American computer scientist

Adrian Kaehler is an American computer scientist, engineer, and author. He is best known for his work on the OpenCV Computer Vision library, as well as two books on that library.

== Early life ==
Adrian Kaehler was born in 1973. At the age of 14, he enrolled in UC Santa Cruz, studying mathematics, computer science, and Physics, graduating at 18 with a Bachelor of Arts degree in physics. He received his Ph.D. at Columbia University in 1998 under professor Norman Christ for his work in lattice gauge theory and on the QCDSP supercomputer project.

==QCDSP supercomputer==
During the time from 1994 through 1998, Dr. Kaehler worked on the QCDSP supercomputer project. This was one of the first Teraflop scale supercomputers ever built. For this, Kaehler, along with Norman Christ, Robert Mawhinney, and Pavlos Vranas were awarded the Gordon Bell Prize in 1998.

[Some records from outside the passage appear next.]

(* Let $X$ and $Y$ be disjoint (finite or infinite) sets of cardinality at least two, let $M\le\mathrm{Sym}(X)$ and $N\le\mathrm{Sym}(Y)$ be permutation groups, let $T$ be the $(|X|,|Y|)$-biregular tree, and let $c$ be a legal colouring of $X$ and $Y$. Then $U_c(M,N)$ satisfies Tits' independence property (P).
   Context: $T$ has natural bipartition $VT=V_X\sqcup V_Y$ (vertices in $V_X$ have valency $|X|$, in $V_Y$ valency $|Y|$). $A(v)$, $\overline{A}(v)$ are the sets of arcs (ordered pairs of adjacent vertices) with origin, resp. terminus, $v$. A legal colouring is a map $c:AT\to X\cup Y$ restricting to a bijection $A(v)\to X$ for $v\in V_X$, to a bijection $A(v)\to Y$ for $v\in V_Y$, and constant on each $\overline{A}(v)$. $U_c(M,N)$ is the group of $g\in\mathrm{Aut}(T)$ with $gV_X=V_X$ and $c|_{A(gv)}\circ g|_{A(v)}\circ(c|_{A(v)})^{-1}$ in $M$ for $v\in V_X$ and in $N$ for $v\in V_Y$. Property (P): let $G$ act on a tree $T$. For a non-empty (finite or infinite) path $\mathcal{P}$ in $T$, let $\pi_{\mathcal{P}}(v)$ be the unique vertex of $\mathcal{P}$ closest to $v$; for $q\in V\mathcal{P}$, $\pi_{\mathcal{P}}^{-1}(q)$ spans a subtree invariant under the pointwise stabiliser $G_{(\mathcal{P})}$, and $G^q_{(\mathcal{P})}$ denotes the permutation group induced by $G_{(\mathcal{P})}$ on $\pi^{-1}_{\mathcal{P}}(q)$. $G$ has property (P) if, for every such path $\mathcal{P}$, the natural homomorphism $G_{(\mathcal{P})}\to\prod_{q\in V\mathcal{P}} G^q_{(\mathcal{P})}$ is an isomorphism. *)

theory Defs
  imports "HOL-Algebra.Bij" "HOL-Library.Equipollence"
begin

text \<open>Graphs: the vertex set is the whole type 'v, adjacency is a relation E.\<close>

definition edge_rel :: "('v \<Rightarrow> 'v \<Rightarrow> bool) \<Rightarrow> ('v \<times> 'v) set" where
  "edge_rel E = {(u, w). E u w}"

== 2005 DARPA Grand Challenge ==
In the 2005 DARPA Grand Challenge, Kaehler was on Stanford's winning team with Sebastian Thrun, Mike Montemerolo, Gary Bradski and others. Kaehler designed the computer vision system that contributed to winning the race. Since 2012, the winning vehicle, called "Stanley", has been on display in the Smithsonian Institution in Washington, DC.

==Learning OpenCV==
Originally published in 2006, Kaehler's book Learning OpenCV (O'Reilly) serves as an introduction to the library and its use. The book continues to be heavily used by both professionals and students. An updated version of the book, which covers OpenCV 3, was published by O'Reilly Media in 2016.

== Magic Leap ==
Kaehler was Vice President of Special Projects at Magic Leap, Inc., a startup company that raised over $1.4Bn in venture funding from 2014 to 2016. Kaehler left the company in 2016.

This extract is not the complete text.